• _PROBLEM TO WORK ON_
Below are entries. Reproduce exactly the lines between the line holding "i) * x (cyc_succ" and the line holding "(Dmat N) x)", inclusive, and only those.

═══

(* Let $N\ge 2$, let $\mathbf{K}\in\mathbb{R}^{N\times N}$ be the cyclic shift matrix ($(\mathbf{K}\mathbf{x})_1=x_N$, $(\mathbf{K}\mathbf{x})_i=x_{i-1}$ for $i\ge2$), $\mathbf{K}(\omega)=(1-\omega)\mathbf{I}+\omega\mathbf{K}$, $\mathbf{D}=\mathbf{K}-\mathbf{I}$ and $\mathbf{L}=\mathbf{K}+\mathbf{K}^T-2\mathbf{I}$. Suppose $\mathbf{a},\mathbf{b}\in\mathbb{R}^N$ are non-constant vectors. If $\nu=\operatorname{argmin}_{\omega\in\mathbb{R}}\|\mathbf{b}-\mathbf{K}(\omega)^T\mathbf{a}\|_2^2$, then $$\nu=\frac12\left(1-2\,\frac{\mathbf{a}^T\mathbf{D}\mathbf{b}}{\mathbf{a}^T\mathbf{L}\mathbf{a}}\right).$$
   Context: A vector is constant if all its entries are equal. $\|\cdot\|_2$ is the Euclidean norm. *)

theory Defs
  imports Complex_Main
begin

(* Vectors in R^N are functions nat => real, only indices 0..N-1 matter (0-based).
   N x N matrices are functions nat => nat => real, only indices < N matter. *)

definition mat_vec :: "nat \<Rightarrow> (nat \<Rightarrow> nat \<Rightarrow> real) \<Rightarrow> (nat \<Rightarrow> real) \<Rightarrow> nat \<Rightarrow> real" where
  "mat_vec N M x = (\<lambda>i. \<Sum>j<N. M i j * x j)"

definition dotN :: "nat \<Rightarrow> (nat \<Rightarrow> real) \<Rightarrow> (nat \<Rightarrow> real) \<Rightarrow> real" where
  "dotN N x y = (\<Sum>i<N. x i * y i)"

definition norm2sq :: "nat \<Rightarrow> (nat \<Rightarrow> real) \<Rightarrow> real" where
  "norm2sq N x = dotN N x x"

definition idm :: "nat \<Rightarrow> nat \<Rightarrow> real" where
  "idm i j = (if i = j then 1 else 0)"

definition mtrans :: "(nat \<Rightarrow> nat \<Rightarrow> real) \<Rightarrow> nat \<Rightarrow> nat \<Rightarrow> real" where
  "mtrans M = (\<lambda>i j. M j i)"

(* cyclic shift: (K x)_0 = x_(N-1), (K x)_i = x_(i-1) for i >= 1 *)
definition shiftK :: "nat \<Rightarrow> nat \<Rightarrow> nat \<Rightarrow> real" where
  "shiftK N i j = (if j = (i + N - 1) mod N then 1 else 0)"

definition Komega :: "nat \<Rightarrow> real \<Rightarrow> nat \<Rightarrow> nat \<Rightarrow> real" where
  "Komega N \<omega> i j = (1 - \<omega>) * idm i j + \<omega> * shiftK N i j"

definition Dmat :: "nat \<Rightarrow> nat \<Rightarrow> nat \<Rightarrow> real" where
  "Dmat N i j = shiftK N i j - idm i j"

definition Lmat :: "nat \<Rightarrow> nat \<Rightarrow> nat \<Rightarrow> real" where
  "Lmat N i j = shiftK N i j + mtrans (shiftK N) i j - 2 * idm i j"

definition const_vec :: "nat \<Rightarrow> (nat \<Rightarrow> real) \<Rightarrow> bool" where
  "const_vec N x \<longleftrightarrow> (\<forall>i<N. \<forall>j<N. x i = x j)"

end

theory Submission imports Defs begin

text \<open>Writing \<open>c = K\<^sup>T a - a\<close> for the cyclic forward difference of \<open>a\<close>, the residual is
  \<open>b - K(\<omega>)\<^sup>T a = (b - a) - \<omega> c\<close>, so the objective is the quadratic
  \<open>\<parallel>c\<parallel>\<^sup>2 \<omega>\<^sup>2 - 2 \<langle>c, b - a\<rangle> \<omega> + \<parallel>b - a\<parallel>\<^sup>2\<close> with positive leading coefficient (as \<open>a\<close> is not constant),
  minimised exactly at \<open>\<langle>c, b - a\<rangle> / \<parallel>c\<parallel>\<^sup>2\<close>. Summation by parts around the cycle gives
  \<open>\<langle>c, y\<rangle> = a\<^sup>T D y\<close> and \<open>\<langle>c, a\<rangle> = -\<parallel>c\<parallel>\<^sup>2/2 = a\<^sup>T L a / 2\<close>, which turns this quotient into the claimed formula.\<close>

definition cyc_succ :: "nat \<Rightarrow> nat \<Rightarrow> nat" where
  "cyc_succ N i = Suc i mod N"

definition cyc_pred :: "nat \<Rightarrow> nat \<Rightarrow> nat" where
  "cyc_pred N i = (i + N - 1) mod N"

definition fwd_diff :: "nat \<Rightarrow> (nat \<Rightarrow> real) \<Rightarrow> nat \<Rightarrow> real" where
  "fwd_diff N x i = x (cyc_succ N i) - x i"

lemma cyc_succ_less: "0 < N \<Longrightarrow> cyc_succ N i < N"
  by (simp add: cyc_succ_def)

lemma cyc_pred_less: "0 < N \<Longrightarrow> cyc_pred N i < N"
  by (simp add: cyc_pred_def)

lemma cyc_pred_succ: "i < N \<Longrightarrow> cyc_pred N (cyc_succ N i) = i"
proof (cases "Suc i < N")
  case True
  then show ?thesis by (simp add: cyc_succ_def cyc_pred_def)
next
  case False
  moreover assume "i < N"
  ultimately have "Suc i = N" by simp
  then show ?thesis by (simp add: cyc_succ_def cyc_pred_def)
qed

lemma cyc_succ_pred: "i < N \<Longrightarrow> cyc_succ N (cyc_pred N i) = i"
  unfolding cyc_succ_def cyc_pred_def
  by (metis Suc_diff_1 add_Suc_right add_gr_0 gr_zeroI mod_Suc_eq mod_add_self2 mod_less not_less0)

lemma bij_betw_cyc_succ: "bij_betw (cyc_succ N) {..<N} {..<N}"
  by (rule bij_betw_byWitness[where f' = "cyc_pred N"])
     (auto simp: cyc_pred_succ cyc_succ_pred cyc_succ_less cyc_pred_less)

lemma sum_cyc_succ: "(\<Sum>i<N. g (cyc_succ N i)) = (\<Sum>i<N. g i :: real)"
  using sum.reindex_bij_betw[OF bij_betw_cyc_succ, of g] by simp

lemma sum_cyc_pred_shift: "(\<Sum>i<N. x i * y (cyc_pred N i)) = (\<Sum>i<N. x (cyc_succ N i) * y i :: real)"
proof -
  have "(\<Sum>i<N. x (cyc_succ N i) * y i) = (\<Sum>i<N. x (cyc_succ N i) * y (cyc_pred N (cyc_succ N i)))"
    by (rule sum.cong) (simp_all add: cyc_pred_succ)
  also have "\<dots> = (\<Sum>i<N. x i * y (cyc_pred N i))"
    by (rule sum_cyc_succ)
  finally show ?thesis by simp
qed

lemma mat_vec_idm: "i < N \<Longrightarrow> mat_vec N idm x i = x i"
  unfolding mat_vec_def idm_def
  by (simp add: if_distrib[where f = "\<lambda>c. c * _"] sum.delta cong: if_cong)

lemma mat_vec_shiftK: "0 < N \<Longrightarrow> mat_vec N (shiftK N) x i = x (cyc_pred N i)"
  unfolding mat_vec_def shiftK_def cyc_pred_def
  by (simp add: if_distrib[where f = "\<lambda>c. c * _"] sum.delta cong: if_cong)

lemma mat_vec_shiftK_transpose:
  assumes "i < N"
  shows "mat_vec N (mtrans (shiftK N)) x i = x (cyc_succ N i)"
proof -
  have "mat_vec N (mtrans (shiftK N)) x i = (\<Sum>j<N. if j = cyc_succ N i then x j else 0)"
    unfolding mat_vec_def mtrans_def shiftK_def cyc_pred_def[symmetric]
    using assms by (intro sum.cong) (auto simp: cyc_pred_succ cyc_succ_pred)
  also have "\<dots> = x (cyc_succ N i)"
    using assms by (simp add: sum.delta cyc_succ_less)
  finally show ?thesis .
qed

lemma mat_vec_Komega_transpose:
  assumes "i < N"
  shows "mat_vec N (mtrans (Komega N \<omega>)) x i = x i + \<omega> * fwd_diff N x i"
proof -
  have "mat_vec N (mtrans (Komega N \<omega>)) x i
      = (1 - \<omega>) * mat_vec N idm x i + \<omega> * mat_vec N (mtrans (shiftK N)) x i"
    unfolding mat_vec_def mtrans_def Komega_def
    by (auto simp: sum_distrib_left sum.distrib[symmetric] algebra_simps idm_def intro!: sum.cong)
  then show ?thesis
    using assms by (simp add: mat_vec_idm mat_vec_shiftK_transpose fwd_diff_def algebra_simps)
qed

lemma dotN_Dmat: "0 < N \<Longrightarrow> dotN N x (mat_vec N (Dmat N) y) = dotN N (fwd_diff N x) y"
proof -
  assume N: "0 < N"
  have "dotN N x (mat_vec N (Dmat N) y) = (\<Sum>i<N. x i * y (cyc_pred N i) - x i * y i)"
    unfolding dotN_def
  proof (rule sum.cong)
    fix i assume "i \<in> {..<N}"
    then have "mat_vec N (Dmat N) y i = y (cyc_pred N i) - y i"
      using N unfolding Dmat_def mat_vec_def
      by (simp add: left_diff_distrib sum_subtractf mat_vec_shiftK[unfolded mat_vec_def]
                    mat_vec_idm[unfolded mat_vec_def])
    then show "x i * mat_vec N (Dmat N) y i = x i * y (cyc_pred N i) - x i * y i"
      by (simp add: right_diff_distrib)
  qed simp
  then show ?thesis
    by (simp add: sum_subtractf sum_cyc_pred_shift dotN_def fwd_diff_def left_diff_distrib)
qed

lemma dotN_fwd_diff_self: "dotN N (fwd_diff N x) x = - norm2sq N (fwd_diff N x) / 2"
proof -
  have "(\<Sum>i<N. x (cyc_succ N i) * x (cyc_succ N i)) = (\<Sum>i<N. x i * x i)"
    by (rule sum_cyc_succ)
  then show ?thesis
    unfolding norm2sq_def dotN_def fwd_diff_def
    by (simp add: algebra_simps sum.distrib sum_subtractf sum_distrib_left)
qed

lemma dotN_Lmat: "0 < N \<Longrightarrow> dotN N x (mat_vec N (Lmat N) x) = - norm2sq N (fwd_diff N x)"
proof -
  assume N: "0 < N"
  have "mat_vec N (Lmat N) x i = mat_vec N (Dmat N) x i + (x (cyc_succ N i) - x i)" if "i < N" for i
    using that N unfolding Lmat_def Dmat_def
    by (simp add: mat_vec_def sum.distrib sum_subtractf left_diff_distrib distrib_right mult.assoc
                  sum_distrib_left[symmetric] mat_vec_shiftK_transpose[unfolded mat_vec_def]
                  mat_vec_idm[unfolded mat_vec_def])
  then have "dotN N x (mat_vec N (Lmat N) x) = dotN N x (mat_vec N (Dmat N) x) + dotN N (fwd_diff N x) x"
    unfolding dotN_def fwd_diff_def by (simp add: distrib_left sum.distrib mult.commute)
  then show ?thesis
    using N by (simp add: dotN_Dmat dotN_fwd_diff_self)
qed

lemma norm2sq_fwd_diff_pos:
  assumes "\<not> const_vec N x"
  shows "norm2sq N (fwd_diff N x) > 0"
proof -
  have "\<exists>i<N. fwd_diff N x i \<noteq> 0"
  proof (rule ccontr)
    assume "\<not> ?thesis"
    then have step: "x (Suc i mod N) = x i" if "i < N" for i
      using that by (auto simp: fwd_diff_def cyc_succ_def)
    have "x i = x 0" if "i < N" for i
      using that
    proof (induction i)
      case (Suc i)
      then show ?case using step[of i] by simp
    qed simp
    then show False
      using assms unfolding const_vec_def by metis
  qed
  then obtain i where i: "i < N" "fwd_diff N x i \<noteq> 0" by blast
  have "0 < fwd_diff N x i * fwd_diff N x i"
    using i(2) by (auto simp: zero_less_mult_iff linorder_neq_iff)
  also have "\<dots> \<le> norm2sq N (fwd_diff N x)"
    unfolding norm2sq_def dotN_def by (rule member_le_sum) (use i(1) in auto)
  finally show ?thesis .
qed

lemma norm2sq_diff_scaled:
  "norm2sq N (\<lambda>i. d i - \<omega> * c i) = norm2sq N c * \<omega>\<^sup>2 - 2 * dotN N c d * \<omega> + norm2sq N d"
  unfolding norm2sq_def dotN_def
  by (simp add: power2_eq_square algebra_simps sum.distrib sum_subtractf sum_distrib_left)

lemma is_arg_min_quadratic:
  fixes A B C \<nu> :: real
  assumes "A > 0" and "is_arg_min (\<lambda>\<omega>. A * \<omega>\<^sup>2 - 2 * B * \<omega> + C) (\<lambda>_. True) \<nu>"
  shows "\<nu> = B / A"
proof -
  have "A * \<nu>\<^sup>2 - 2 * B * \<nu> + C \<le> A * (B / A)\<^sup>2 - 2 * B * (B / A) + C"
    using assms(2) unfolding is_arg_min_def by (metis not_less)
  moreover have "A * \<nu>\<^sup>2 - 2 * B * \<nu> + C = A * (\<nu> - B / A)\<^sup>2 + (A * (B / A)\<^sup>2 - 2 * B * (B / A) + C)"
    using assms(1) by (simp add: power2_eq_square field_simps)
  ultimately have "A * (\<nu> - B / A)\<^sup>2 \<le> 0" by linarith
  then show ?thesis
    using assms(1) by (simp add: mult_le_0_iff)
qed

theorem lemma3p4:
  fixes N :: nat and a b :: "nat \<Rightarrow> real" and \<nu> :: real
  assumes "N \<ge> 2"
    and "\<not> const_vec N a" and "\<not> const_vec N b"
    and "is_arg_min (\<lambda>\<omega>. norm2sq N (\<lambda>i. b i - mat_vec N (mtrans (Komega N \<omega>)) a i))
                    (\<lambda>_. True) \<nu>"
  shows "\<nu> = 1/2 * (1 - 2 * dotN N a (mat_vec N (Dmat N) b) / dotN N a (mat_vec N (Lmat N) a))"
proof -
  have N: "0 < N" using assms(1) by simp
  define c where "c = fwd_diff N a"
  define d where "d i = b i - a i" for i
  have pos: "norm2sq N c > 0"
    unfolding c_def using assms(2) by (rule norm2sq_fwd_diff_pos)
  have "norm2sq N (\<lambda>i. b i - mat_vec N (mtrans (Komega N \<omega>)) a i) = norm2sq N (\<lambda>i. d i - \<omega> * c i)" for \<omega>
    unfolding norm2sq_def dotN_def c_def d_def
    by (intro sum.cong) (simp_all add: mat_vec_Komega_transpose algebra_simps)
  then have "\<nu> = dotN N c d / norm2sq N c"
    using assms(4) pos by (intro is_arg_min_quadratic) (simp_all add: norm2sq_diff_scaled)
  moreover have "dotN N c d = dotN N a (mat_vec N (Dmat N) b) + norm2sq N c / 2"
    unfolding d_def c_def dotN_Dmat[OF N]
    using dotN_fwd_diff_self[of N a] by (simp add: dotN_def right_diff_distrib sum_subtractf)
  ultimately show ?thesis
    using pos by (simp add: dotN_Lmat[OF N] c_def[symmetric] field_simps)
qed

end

═══

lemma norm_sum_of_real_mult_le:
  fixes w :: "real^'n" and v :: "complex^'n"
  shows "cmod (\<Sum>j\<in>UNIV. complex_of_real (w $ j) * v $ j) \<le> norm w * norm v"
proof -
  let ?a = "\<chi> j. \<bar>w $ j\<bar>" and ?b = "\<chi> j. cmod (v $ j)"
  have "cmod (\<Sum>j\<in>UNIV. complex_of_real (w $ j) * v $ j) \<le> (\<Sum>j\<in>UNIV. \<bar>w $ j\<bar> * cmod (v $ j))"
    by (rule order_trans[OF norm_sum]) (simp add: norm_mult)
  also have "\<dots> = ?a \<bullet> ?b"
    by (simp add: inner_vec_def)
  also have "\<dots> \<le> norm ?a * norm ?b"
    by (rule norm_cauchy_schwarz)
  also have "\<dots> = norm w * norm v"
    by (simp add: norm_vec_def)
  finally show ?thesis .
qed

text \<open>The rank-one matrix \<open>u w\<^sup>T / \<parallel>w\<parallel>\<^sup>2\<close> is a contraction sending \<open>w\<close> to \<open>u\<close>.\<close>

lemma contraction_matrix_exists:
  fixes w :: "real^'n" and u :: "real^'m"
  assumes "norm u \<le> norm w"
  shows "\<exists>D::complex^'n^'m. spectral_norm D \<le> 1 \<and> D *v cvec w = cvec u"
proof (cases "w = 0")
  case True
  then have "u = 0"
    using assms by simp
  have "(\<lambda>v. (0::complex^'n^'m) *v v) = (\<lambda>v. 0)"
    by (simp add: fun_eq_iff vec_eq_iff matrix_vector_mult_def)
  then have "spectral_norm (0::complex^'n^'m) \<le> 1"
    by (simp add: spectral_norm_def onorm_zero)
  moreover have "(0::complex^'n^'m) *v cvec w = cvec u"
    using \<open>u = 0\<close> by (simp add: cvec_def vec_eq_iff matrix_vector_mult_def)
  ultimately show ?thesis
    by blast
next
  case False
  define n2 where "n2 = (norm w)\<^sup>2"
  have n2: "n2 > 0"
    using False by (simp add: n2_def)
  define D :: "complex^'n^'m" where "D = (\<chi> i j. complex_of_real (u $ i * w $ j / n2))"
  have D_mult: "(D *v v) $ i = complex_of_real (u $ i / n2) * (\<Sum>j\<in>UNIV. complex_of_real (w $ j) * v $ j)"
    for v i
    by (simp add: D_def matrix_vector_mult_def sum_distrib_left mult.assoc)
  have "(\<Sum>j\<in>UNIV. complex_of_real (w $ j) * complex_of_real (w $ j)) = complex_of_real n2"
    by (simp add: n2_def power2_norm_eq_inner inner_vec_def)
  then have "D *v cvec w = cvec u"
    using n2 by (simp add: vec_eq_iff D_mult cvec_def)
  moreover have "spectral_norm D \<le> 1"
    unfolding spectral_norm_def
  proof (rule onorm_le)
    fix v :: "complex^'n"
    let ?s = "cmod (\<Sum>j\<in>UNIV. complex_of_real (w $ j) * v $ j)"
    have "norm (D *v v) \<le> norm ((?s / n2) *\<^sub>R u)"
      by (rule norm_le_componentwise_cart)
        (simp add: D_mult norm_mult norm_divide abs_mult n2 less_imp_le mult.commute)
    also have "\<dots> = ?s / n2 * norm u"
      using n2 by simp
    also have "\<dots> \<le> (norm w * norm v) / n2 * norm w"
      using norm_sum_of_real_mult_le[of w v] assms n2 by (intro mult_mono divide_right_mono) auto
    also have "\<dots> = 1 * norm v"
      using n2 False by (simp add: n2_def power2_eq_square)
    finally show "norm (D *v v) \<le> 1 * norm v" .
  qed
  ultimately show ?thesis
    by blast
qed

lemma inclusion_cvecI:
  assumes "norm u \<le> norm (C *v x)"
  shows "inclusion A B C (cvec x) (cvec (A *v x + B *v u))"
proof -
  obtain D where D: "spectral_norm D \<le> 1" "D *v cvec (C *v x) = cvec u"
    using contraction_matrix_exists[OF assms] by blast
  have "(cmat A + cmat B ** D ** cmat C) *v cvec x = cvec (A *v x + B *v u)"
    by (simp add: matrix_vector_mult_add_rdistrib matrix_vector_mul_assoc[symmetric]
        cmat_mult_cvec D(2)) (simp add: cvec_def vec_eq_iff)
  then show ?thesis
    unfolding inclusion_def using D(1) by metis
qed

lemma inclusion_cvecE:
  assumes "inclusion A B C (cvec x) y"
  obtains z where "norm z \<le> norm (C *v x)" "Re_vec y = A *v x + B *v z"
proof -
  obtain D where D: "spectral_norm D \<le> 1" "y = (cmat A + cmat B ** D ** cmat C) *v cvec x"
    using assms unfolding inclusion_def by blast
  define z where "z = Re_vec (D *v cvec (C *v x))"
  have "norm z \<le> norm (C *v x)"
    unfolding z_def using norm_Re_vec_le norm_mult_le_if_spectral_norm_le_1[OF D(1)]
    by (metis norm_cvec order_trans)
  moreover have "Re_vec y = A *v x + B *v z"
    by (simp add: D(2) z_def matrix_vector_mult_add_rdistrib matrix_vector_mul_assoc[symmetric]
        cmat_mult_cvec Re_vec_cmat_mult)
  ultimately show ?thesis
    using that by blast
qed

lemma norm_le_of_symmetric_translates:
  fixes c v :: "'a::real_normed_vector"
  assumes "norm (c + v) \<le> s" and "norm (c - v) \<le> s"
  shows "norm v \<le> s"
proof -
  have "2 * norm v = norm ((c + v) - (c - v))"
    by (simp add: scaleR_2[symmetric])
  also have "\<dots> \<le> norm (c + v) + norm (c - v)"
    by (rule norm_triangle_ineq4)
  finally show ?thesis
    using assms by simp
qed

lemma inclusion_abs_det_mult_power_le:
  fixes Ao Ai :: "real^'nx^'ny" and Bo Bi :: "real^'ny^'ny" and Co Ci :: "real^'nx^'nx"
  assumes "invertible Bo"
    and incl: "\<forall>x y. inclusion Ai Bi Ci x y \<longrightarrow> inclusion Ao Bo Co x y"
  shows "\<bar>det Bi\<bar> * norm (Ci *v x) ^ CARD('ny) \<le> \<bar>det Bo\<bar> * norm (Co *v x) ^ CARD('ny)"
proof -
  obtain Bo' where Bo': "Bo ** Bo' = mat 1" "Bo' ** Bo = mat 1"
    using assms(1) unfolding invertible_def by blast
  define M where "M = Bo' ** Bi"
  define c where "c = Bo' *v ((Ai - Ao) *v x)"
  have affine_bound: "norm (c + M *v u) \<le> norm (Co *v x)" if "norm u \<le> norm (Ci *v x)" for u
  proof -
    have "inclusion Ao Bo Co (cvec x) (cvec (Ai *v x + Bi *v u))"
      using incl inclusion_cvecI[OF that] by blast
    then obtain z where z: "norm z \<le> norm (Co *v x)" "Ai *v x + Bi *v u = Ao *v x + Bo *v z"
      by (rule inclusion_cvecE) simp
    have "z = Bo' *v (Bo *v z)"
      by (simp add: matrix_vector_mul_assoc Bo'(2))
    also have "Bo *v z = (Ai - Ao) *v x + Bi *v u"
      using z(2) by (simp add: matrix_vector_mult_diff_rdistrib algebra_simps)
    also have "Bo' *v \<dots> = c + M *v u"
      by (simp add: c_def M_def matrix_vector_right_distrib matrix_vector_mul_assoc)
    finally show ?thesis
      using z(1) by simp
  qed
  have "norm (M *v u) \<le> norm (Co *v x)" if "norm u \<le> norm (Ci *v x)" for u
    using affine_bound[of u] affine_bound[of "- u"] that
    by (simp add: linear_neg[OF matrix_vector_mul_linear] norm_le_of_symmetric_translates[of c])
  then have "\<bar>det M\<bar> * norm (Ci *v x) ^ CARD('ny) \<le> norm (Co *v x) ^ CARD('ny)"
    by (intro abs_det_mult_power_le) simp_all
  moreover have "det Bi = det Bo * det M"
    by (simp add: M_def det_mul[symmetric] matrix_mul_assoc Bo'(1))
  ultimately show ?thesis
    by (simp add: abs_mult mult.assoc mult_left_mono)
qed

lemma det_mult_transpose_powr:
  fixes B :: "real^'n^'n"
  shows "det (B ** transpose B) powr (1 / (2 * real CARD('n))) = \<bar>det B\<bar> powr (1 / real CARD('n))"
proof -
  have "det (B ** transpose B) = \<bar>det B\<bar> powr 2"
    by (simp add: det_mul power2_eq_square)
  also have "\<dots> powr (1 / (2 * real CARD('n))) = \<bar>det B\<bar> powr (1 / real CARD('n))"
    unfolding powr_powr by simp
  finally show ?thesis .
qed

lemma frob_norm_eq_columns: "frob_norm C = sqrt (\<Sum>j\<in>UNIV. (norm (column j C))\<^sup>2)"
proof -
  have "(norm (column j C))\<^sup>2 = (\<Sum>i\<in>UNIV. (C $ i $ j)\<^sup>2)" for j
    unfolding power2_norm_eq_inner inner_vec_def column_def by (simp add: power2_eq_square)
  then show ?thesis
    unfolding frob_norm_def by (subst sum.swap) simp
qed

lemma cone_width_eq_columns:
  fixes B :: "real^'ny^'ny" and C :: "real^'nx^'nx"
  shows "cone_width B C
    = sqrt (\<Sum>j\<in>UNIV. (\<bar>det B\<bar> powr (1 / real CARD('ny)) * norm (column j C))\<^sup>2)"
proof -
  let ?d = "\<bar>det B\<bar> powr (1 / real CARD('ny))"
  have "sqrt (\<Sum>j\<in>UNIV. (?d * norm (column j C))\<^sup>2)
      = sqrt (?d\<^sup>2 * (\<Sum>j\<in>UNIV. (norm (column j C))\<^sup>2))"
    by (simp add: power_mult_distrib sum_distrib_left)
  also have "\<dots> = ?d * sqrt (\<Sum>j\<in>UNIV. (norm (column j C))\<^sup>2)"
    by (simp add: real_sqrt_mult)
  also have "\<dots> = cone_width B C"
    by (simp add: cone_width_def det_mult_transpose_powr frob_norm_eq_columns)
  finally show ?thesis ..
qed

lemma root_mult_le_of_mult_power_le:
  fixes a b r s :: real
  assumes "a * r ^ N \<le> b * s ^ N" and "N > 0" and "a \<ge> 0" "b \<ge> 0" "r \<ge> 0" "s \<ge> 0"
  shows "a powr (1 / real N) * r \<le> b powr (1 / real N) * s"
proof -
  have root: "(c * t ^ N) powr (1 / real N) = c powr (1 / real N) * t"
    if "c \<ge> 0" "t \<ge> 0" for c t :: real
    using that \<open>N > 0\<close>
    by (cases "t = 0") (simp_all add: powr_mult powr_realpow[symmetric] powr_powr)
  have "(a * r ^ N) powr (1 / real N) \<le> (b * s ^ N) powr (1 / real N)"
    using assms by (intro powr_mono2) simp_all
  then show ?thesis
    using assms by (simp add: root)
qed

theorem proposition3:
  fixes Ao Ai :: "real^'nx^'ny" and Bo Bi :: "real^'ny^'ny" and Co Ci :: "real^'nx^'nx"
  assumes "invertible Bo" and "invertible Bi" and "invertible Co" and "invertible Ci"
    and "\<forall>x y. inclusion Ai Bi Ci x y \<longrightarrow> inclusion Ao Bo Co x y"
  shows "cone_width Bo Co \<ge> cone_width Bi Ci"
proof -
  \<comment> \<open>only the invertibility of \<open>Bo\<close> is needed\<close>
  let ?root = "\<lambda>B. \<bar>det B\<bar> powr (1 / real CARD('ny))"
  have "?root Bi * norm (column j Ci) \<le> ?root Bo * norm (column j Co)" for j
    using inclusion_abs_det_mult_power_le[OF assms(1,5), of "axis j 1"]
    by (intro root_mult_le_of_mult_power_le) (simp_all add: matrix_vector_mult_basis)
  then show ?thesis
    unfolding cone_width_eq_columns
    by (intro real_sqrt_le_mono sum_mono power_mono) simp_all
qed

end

═══

• _RESPONSE TO THIS EXERCISE_
  have "(\<Sum>i<N. x (cyc_succ N i) * x (cyc_succ N i)) = (\<Sum>i<N. x i * x i)"
    by (rule sum_cyc_succ)
  then show ?thesis
    unfolding norm2sq_def dotN_def fwd_diff_def
    by (simp add: algebra_simps sum.distrib sum_subtractf sum_distrib_left)
qed

lemma dotN_Lmat: "0 < N \<Longrightarrow> dotN N x (mat_vec N (Lmat N) x) = - norm2sq N (fwd_diff N x)"
proof -
  assume N: "0 < N"
  have "mat_vec N (Lmat N) x i = mat_vec N (Dmat N) x i + (x (cyc_succ N i) - x i)" if "i < N" for i
    using that N unfolding Lmat_def Dmat_def
    by (simp add: mat_vec_def sum.distrib sum_subtractf left_diff_distrib distrib_right mult.assoc
                  sum_distrib_left[symmetric] mat_vec_shiftK_transpose[unfolded mat_vec_def]
                  mat_vec_idm[unfolded mat_vec_def])
  then have "dotN N x (mat_vec N (Lmat N) x) = dotN N x (mat_vec N (Dmat N) x) + dotN N (fwd_diff N x) x"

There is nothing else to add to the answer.